Entre sus escasos efectos adversos cabe destacar la hepatotoxicidad, si bien es rara a la dosis usada habitualmente, debiendo emplearse con cautela en pacientes con daño hepático conocido y evitándose en sujetos con abuso alcohólico crónico, por el incrementado riesgo en esta población (39-41). El paracetamol puede aumentar la vida media de la warfarina, por lo que se recomienda estrecha monitorización del tiempo de protrombina en pacientes que estando en tratamiento con warfarina van a iniciar tratamiento con dosis altas de paracetamol (42,43).

Aunque tiempo atrás se informó de una débil asociación entre el paracetamol y el fallo renal terminal, actualmente se recomienda como fármaco analgésico de elección en pacientes con función renal alterada (44).

Sin embargo y a pesar de lo expuesto, son pocos los estudios que han avalado directamente la eficacia del paracetamol en la artrosis de rodilla o cadera, y aquellos que lo han hecho son de escasa calidad o recogen un número excesivamente pequeño de pacientes. La cuestión de la eficacia se confunde por el hecho de que la mayoría de los ensayos clínicos usan paracetamol como analgesia adicional, convirtiendo los estudios de monoterapia en estudios complementarios parciales (2).

Recientemente hay una gran controversia sobre la seguridad gastrointestinal del paracetamol, particularmente al compararlo con los antiinflamatorios no esteroideos (AINE); un reciente trabajo trata ampliamente este asunto, con una revisión exhaustiva de la literatura actualizada, y concluye que actualmente el peso de la evidencia clínica avala el mejor perfil de seguridad gastrointestinal del paracetamol en relación a los AINE (45).


Antiinflamatorios no esteroideos (AINE)

Se trata de un conjunto de fármacos químicamente heterogéneos, caracterizados por tener, en grado diverso, actividad analgésica, antiinflamatoria y antipirética, y que poseen como principal mecanismo de acción la inhibición de la ciclooxigenasa y con ello la reducción en la liberación de mediadores inflamatorios. Hay que tener en cuenta que existen variaciones cuali y cuantitativas entre los diversos AINE, lo que conlleva el que un enfermo concreto pueda responder mejor a un AINE que a otro, tanto en lo referido a beneficio terapéutico como en lo referente a la tolerancia frente a las reacciones adversas (46).

Estos agentes se consideran una lógica elección en aquellos pacientes que no responden a paracetamol, sobre todo los aquejados de una sinovitis clínica, si bien no hay evidencia científica que avale la premisa de que su uso debería reservarse para cuando el paracetamol no es efectivo. Muchos de los trabajos publicados al respecto están pobremente diseñados (2).

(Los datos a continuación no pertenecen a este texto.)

(* In the setting described in the context, fix $1\le n_1\le n_0$. Then for $1\le j\le n_0$, $I\in\mathcal I(n_1,n)$, $J\in\mathcal I(n_1,n_0)$ and $x\in B_{(X,d)}(x_0,\xi)$, $$\left|X_j\det X(x)_{I,J}\right|\lesssim\left|\det_{n_1\times n_1}X(x)\right|.$$
   Context: Setting: $\Omega\subseteq\mathbb R^n$ connected open; $X_1,\dots,X_{n_0}$ $C^1$ vector fields on $\Omega$ with degrees $d_j\in(0,\infty)$; $\xi\in(0,1]$, $x_0\in\Omega$, $(X,d)$ satisfies $\mathcal C(x_0,\xi)$; on $B=B_{(X,d)}(x_0,\xi)$, $[X_j,X_k]=\sum_{l=1}^{n_0}c^l_{j,k}X_l$; $X_1(x_0),\dots,X_{n_0}(x_0)$ linearly independent; $\|X_j\|_{C^1(B)}<\infty$; $\sum_{|\alpha|\le2}\|X^\alpha c^l_{j,k}\|_{C^0(B)}<\infty$ (derivatives continuous). $B_{(X,d)}(x_0,\xi)$ is the set of $\gamma(1)$ over paths $\gamma:[0,1]\to\Omega$, $\gamma(t)=x_0+\int_0^t\sum a_j\xi^{d_j}X_j(\gamma)$, $a\in L^\infty$, $\|(\sum|a_j|^2)^{1/2}\|_\infty<1$; $\mathcal C(x_0,\xi)$ means all such paths exist in $\Omega$. $X(x)$ is the $n\times n_0$ matrix with columns $X_j(x)$; $\mathcal I(m,N)$ is the set of increasing $m$-tuples from $\{1,\dots,N\}$; $M_{I,J}$ the submatrix with rows $I$ and columns $J$; $\det_{m\times m}M$ the vector of all $\det M_{I,J}$ and $|\cdot|$ its Euclidean norm. Admissible constants depend only on upper/positive lower bounds for the $d_j$, an upper bound for $n$, a positive lower bound for $\xi$, and upper bounds for $\|X_j\|_{C^1(B)}$ and $\sum_{|\alpha|\le2}\|X^\alpha c^l_{j,k}\|_{C^0(B)}$; $\lesssim$ is up to admissible constants. *)

theory Defs
  imports "HOL-Analysis.Analysis"
begin

text \<open>Points of R^n are elements of real^'n; the coordinate index type 'n carries a
linear order so that "increasing tuples" of row indices make sense.
Vector fields are indexed 0..n0-1 (the paper's X_1..X_{n0}).\<close>

definition admissible_control :: "nat \<Rightarrow> (nat \<Rightarrow> real \<Rightarrow> real) \<Rightarrow> bool" where
  "admissible_control n0 a \<longleftrightarrow>
     (\<forall>j<n0. a j \<in> borel_measurable (lebesgue_on {0..1})) \<and>
     (\<exists>r<1. AE s in lebesgue_on {0..1}. sqrt (\<Sum>j<n0. (a j s)\<^sup>2) \<le> r)"

definition control_path ::
  "(real^'n::finite) set \<Rightarrow> (nat \<Rightarrow> real^'n \<Rightarrow> real^'n) \<Rightarrow> (nat \<Rightarrow> real) \<Rightarrow> nat
     \<Rightarrow> real^'n \<Rightarrow> real \<Rightarrow> (nat \<Rightarrow> real \<Rightarrow> real) \<Rightarrow> (real \<Rightarrow> real^'n) \<Rightarrow> bool" where
  "control_path \<Omega> X d n0 x0 \<xi> a \<gamma> \<longleftrightarrow>
     (\<forall>t\<in>{0..1}. \<gamma> t \<in> \<Omega> \<and>
        ((\<lambda>s. \<Sum>j<n0. (a j s * \<xi> powr d j) *\<^sub>R X j (\<gamma> s)) has_integral (\<gamma> t - x0)) {0..t})"

definition cc_ball ::
  "(real^'n::finite) set \<Rightarrow> (nat \<Rightarrow> real^'n \<Rightarrow> real^'n) \<Rightarrow> (nat \<Rightarrow> real) \<Rightarrow> nat
     \<Rightarrow> real^'n \<Rightarrow> real \<Rightarrow> (real^'n) set" where
  "cc_ball \<Omega> X d n0 x0 \<xi> =
     {\<gamma> 1 | \<gamma> a. admissible_control n0 a \<and> control_path \<Omega> X d n0 x0 \<xi> a \<gamma>}"

definition cond_C ::
  "(real^'n::finite) set \<Rightarrow> (nat \<Rightarrow> real^'n \<Rightarrow> real^'n) \<Rightarrow> (nat \<Rightarrow> real) \<Rightarrow> nat
     \<Rightarrow> real^'n \<Rightarrow> real \<Rightarrow> bool" where
  "cond_C \<Omega> X d n0 x0 \<xi> \<longleftrightarrow>
     (\<forall>a. admissible_control n0 a \<longrightarrow> (\<exists>\<gamma>. control_path \<Omega> X d n0 x0 \<xi> a \<gamma>))"

text \<open>g = V f on S, where V f is the derivative of f along integral curves of V
(staying in S); this makes sense for functions only defined on S.\<close>
definition has_lie_deriv_on ::
  "(real^'n \<Rightarrow> real^'n) \<Rightarrow> (real^'n \<Rightarrow> real) \<Rightarrow> (real^'n \<Rightarrow> real) \<Rightarrow> (real^'n) set \<Rightarrow> bool" where
  "has_lie_deriv_on V f g S \<longleftrightarrow>
     (\<forall>x\<in>S. \<forall>\<gamma> e. 0 < e \<and> \<gamma> 0 = x \<and>
        (\<forall>t\<in>{-e<..<e}. \<gamma> t \<in> S \<and> (\<gamma> has_vector_derivative V (\<gamma> t)) (at t))
        \<longrightarrow> ((f \<circ> \<gamma>) has_real_derivative g x) (at 0))"

definition ldet :: "nat \<Rightarrow> (nat \<Rightarrow> nat \<Rightarrow> real) \<Rightarrow> real" where
  "ldet m A = (\<Sum>p | p permutes {..<m}. of_int (sign p) * (\<Prod>i<m. A i (p i)))"

definition Xmat :: "(nat \<Rightarrow> real^'n \<Rightarrow> real^'n) \<Rightarrow> real^'n \<Rightarrow> ('n \<Rightarrow> nat \<Rightarrow> real)" where
  "Xmat X x = (\<lambda>r j. X j x $ r)"

definition minor :: "('n::linorder \<Rightarrow> nat \<Rightarrow> real) \<Rightarrow> 'n set \<Rightarrow> nat set \<Rightarrow> real" where
  "minor M I J = ldet (card I)
     (\<lambda>a b. M (sorted_list_of_set I ! a) (sorted_list_of_set J ! b))"

text \<open>|det_{m x m} M| for an n x N matrix M: Euclidean norm of the vector of all m x m minors.\<close>
definition minors_norm :: "nat \<Rightarrow> nat \<Rightarrow> ('n::{finite,linorder} \<Rightarrow> nat \<Rightarrow> real) \<Rightarrow> real" where
  "minors_norm m N M = sqrt (\<Sum>I\<in>{I::'n set. card I = m}.
      \<Sum>J\<in>{J. J \<subseteq> {..<N} \<and> card J = m}. (minor M I J)\<^sup>2)"

end

theory Submission imports Defs begin

text \<open>Differentiating the Leibniz formula, the derivative of the minor det X_{I,J} along X_j
replaces one column J_b at a time by (D X_{J_b}) X_j = (D X_j) X_{J_b} + \<Sum>_l c^l_{j,J_b} X_l.
The second summand is a combination of columns of X, so expanding by columns it yields
n1 x n1 minors of X with coefficients c.  The first summand is the matrix D X_j applied to
the columns of X; expanding the same derivative by rows instead, it yields determinants
whose rows are rows of X, with entries of D X_j as coefficients.  Every such determinant
is 0 or a minor up to sign, so it is bounded by the norm of the vector of all minors.\<close>

lemma ldet_cong:
  assumes "\<And>a b. a < m \<Longrightarrow> b < m \<Longrightarrow> A a b = B a b"
  shows "ldet m A = ldet m B"
  unfolding ldet_def
proof (rule sum.cong[OF refl])
  fix p assume "p \<in> {p. p permutes {..<m}}"
  then have "\<And>i. i < m \<Longrightarrow> p i < m" by (auto dest: permutes_in_image)
  then show "of_int (sign p) * (\<Prod>i<m. A i (p i)) = of_int (sign p) * (\<Prod>i<m. B i (p i))"
    using assms by (auto intro!: prod.cong)
qed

En pacientes con gonartrosis y dolor de moderado a severo junto a signos inflamatorios, la prescripción de AINE merece tenerse en consideración como alternativa en una aproximación terapéutica inicial.

Existen estudios que han comparado directamente paracetamol y AINE, encontrando estos últimos más eficaces pero con mayor número de efectos indeseables, principalmente a nivel gastrointestinal. La toxicidad es la mayor razón para no recomendar el empleo de AINE como primera línea terapéutica en pacientes con artrosis (17,47,48).

A la hora de iniciar un tratamiento individualizado con AINE, merece una consideración especial la valoración de comorbilidad y terapias asociadas en el paciente, así como los efectos colaterales y el coste de tratamientos específicos.

Entre los efectos adversos, cabe destacar los gastrointestinales y los renales. Los estudios disponibles muestran que entre personas de 65 años o más, entre un 20 y un 30% de todas las hospitalizaciones y fallecimientos se deben a enfermedad ulcerosa péptica atribuible al consumo de AINE, siendo en esta población el riesgo dosis dependiente (49,50). Los factores de riesgo para el desarrollo de un fallo renal reversible en pacientes con enfermedad renal de base (creatinina sérica 2 mg.dl-1) que han sido tratados con AINE, incluyen la edad mayor o igual a 65 años, la hipertensión arterial y/o el fallo cardiaco congestivo, y el uso concomitante de diuréticos e inhibidores del enzima convertidor de angiotensina (IECAS) (51).

Otros efectos secundarios mucho más infrecuentes son las reacciones de hipersensibilidad, que suelen ser específicas y no cruzadas para otros AINE, y las reacciones hematológicas (actividad antiagregante plaquetaria, episodios hemolíticos en pacientes con deficiencia de G-6PD, reacciones inmunitarias del tipo agranulocitosis, anemia aplásica, trombocitopenia, etc.) (46).

Las dosis iniciales deben ser bajas, incrementándolas sólo si son ineficaces en el alivio sintomático.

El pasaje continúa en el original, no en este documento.